Confession can feel like liberation, because it seems to unburden us of our shame. It can also be a forum for the display of democratic virtues, including the honesty, bravery and humility evident in St Augustine’s Confessions. But if one believes Foucault, it is always a ruse. We always confess to someone – in the presence of an authority, real or imagined. When people post online, it is always for a supposed audience; it is never purely gratuitous.

What manifests itself as a certain shamelessness, then, might in fact be precisely the opposite. The approbation of the digital crowd has come to fill in for the authority of the confessor – or, to put it another way, it acts as a substitute for Socrates’ inner voice of moral conscience. People unburden themselves to their followers in the hope that their needs will be validated, their opinions affirmed, their quirks delightfully accepted. The result is a growing conformity within camps, as well as a narrowing of the shared space for understanding and dialogue between them.

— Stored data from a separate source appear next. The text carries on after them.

(* Let $\Omega\subseteq\mathbb{R}^n$ be a bounded open set with Lipschitz boundary, $\varepsilon>0$, $g\in C^{0,1}_{\mathrm{loc}}(\mathbb{R}^n)\cap L^\infty(\mathbb{R}^n)$, $f\in L^\infty(\Omega)$, and let $v_\varepsilon\in H^s_g(\Omega)\cap L^p(\Omega)$ be a weak solution of $(-\Delta)^sv_\varepsilon+\varepsilon^{-2s}W'(v_\varepsilon)=f$ in $\Omega$. Then $v_\varepsilon\in L^\infty(\mathbb{R}^n)$.
   Context: $n\ge2$, $s\in(0,1/2)$. $W$ satisfies: $W\in C^2(\mathbb{R};[0,\infty))$; $\{W=0\}=\{\pm1\}$, $W''(\pm1)>0$; there exist $p\in(1,\infty)$ and $c_W>0$ with $c_W^{-1}(|t|^{p-1}-1)\le|W'(t)|\le c_W(|t|^{p-1}+1)$ for all $t$ ($p$ is this exponent). $\gamma_{n,s}:=s2^{2s}\pi^{-n/2}\Gamma(\frac{n+2s}{2})/\Gamma(1-s)$; $\mathcal{E}(v,\Omega):=\frac{\gamma_{n,s}}{4}\iint_{\Omega\times\Omega}\frac{|v(x)-v(y)|^2}{|x-y|^{n+2s}}+\frac{\gamma_{n,s}}{2}\iint_{\Omega\times\Omega^c}\frac{|v(x)-v(y)|^2}{|x-y|^{n+2s}}$; $\widehat H^s(\Omega)=\{v\in L^2_{\mathrm{loc}}(\mathbb{R}^n):\mathcal{E}(v,\Omega)<\infty\}$; $H^s_{00}(\Omega)=\{v\in H^s(\mathbb{R}^n):v=0$ a.e. outside $\Omega\}$; $H^s_g(\Omega)=\{v\in\widehat H^s(\Omega):v=g$ a.e. in $\mathbb{R}^n\setminus\Omega\}$. $\langle(-\Delta)^sv,\varphi\rangle_\Omega=\frac{\gamma_{n,s}}{2}\iint_{\Omega\times\Omega}\frac{(v(x)-v(y))(\varphi(x)-\varphi(y))}{|x-y|^{n+2s}}+\gamma_{n,s}\iint_{\Omega\times\Omega^c}\frac{(v(x)-v(y))(\varphi(x)-\varphi(y))}{|x-y|^{n+2s}}$. Weak solution means $v\in\widehat H^s(\Omega)\cap L^p(\Omega)$ and $\langle(-\Delta)^sv,\varphi\rangle_\Omega+\varepsilon^{-2s}\int_\Omega W'(v)\varphi=\int_\Omega f\varphi$ for all $\varphi\in H^s_{00}(\Omega)\cap L^p(\Omega)$. *)

theory Defs
  imports "HOL-Analysis.Analysis"
begin

text \<open>Ambient space: R^n is rendered as an abstract euclidean_space 'a with n = DIM('a).\<close>

definition gamma_ns :: "nat \<Rightarrow> real \<Rightarrow> real" where
  "gamma_ns n s = s * 2 powr (2 * s) * pi powr (- real n / 2) * Gamma ((real n + 2 * s) / 2) / Gamma (1 - s)"

definition frac_kernel :: "real \<Rightarrow> 'a::euclidean_space \<Rightarrow> 'a \<Rightarrow> real" where
  "frac_kernel s x y = 1 / (norm (x - y) powr (real DIM('a) + 2 * s))"

definition frac_energy :: "real \<Rightarrow> 'a::euclidean_space set \<Rightarrow> ('a \<Rightarrow> real) \<Rightarrow> ennreal" where
  "frac_energy s \<Omega> v =
     ennreal (gamma_ns DIM('a) s / 4) *
       (\<integral>\<^sup>+ z. indicator (\<Omega> \<times> \<Omega>) z * ennreal ((v (fst z) - v (snd z))^2 * frac_kernel s (fst z) (snd z)) \<partial>(lebesgue \<Otimes>\<^sub>M lebesgue))
   + ennreal (gamma_ns DIM('a) s / 2) *
       (\<integral>\<^sup>+ z. indicator (\<Omega> \<times> (- \<Omega>)) z * ennreal ((v (fst z) - v (snd z))^2 * frac_kernel s (fst z) (snd z)) \<partial>(lebesgue \<Otimes>\<^sub>M lebesgue))"

definition L2_loc :: "('a::euclidean_space \<Rightarrow> real) set" where
  "L2_loc = {v. v \<in> borel_measurable lebesgue \<and>
     (\<forall>K. compact K \<longrightarrow> (\<integral>\<^sup>+ x. indicator K x * ennreal ((v x)^2) \<partial>lebesgue) < \<infinity>)}"

definition hatH :: "real \<Rightarrow> 'a::euclidean_space set \<Rightarrow> ('a \<Rightarrow> real) set" where
  "hatH s \<Omega> = {v. v \<in> L2_loc \<and> frac_energy s \<Omega> v < \<infinity>}"

definition Hs_g :: "real \<Rightarrow> 'a::euclidean_space set \<Rightarrow> ('a \<Rightarrow> real) \<Rightarrow> ('a \<Rightarrow> real) set" where
  "Hs_g s \<Omega> g = {v. v \<in> hatH s \<Omega> \<and> (AE x in lebesgue. x \<notin> \<Omega> \<longrightarrow> v x = g x)}"

definition Hs_full :: "real \<Rightarrow> ('a::euclidean_space \<Rightarrow> real) set" where
  "Hs_full s = {v. v \<in> borel_measurable lebesgue \<and>
     (\<integral>\<^sup>+ x. ennreal ((v x)^2) \<partial>lebesgue) < \<infinity> \<and>
     (\<integral>\<^sup>+ z. ennreal ((v (fst z) - v (snd z))^2 * frac_kernel s (fst z) (snd z)) \<partial>(lebesgue \<Otimes>\<^sub>M lebesgue)) < \<infinity>}"

definition Hs_00 :: "real \<Rightarrow> 'a::euclidean_space set \<Rightarrow> ('a \<Rightarrow> real) set" where
  "Hs_00 s \<Omega> = {v. v \<in> Hs_full s \<and> (AE x in lebesgue. x \<notin> \<Omega> \<longrightarrow> v x = 0)}"

definition Lp_on :: "real \<Rightarrow> 'a::euclidean_space set \<Rightarrow> ('a \<Rightarrow> real) set" where
  "Lp_on p \<Omega> = {v. set_borel_measurable lebesgue \<Omega> v \<and>
     (\<integral>\<^sup>+ x. indicator \<Omega> x * ennreal (\<bar>v x\<bar> powr p) \<partial>lebesgue) < \<infinity>}"

definition Linfty_on :: "'a::euclidean_space set \<Rightarrow> ('a \<Rightarrow> real) set" where
  "Linfty_on \<Omega> = {v. set_borel_measurable lebesgue \<Omega> v \<and>
     (\<exists>C. AE x in lebesgue. x \<in> \<Omega> \<longrightarrow> \<bar>v x\<bar> \<le> C)}"

definition frac_form :: "real \<Rightarrow> 'a::euclidean_space set \<Rightarrow> ('a \<Rightarrow> real) \<Rightarrow> ('a \<Rightarrow> real) \<Rightarrow> real" where
  "frac_form s \<Omega> v \<phi> =
     gamma_ns DIM('a) s / 2 *
       (\<integral> z. indicator (\<Omega> \<times> \<Omega>) z * ((v (fst z) - v (snd z)) * (\<phi> (fst z) - \<phi> (snd z)) * frac_kernel s (fst z) (snd z)) \<partial>(lebesgue \<Otimes>\<^sub>M lebesgue))
   + gamma_ns DIM('a) s *
       (\<integral> z. indicator (\<Omega> \<times> (- \<Omega>)) z * ((v (fst z) - v (snd z)) * (\<phi> (fst z) - \<phi> (snd z)) * frac_kernel s (fst z) (snd z)) \<partial>(lebesgue \<Otimes>\<^sub>M lebesgue))"

definition weak_solution ::
  "real \<Rightarrow> real \<Rightarrow> real \<Rightarrow> (real \<Rightarrow> real) \<Rightarrow> ('a::euclidean_space \<Rightarrow> real) \<Rightarrow> 'a set \<Rightarrow> ('a \<Rightarrow> real) \<Rightarrow> bool" where
  "weak_solution s p \<epsilon> W' f \<Omega> v \<longleftrightarrow>
     v \<in> hatH s \<Omega> \<and> v \<in> Lp_on p \<Omega> \<and>
     (\<forall>\<phi> \<in> Hs_00 s \<Omega> \<inter> Lp_on p \<Omega>.
        frac_form s \<Omega> v \<phi> + \<epsilon> powr (- 2 * s) * (\<integral> x. indicator \<Omega> x * (W' (v x) * \<phi> x) \<partial>lebesgue)
        = (\<integral> x. indicator \<Omega> x * (f x * \<phi> x) \<partial>lebesgue))"

text \<open>Lipschitz boundary: near each boundary point, after choosing a unit direction nu,
  Omega is the strict epigraph (in direction nu) of a Lipschitz function of the
  coordinates orthogonal to nu.\<close>
definition lipschitz_boundary :: "'a::euclidean_space set \<Rightarrow> bool" where
  "lipschitz_boundary \<Omega> \<longleftrightarrow>
     (\<forall>x0 \<in> frontier \<Omega>. \<exists>r>0. \<exists>\<nu>::'a. \<exists>\<gamma>::'a \<Rightarrow> real. \<exists>L.
        norm \<nu> = 1 \<and> L-lipschitz_on UNIV \<gamma> \<and>
        (\<forall>y. \<gamma> y = \<gamma> (y - (y \<bullet> \<nu>) *\<^sub>R \<nu>)) \<and>
        \<Omega> \<inter> ball x0 r = {y \<in> ball x0 r. y \<bullet> \<nu> > \<gamma> y})"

Those in positions of power have always craved a mechanism with which to expose the inner beings of citizens, to reveal ‘the fragment of darkness that we each carry within us’, as Foucault described it. There are, or seem to be, rather dangerous and wild expanses within each individual. If we are to be controlled, that must be made known, and tamed. There is no better way to divide and subdue a people, and seduce them into self-regulation, than to expose their perversions but promise absolution.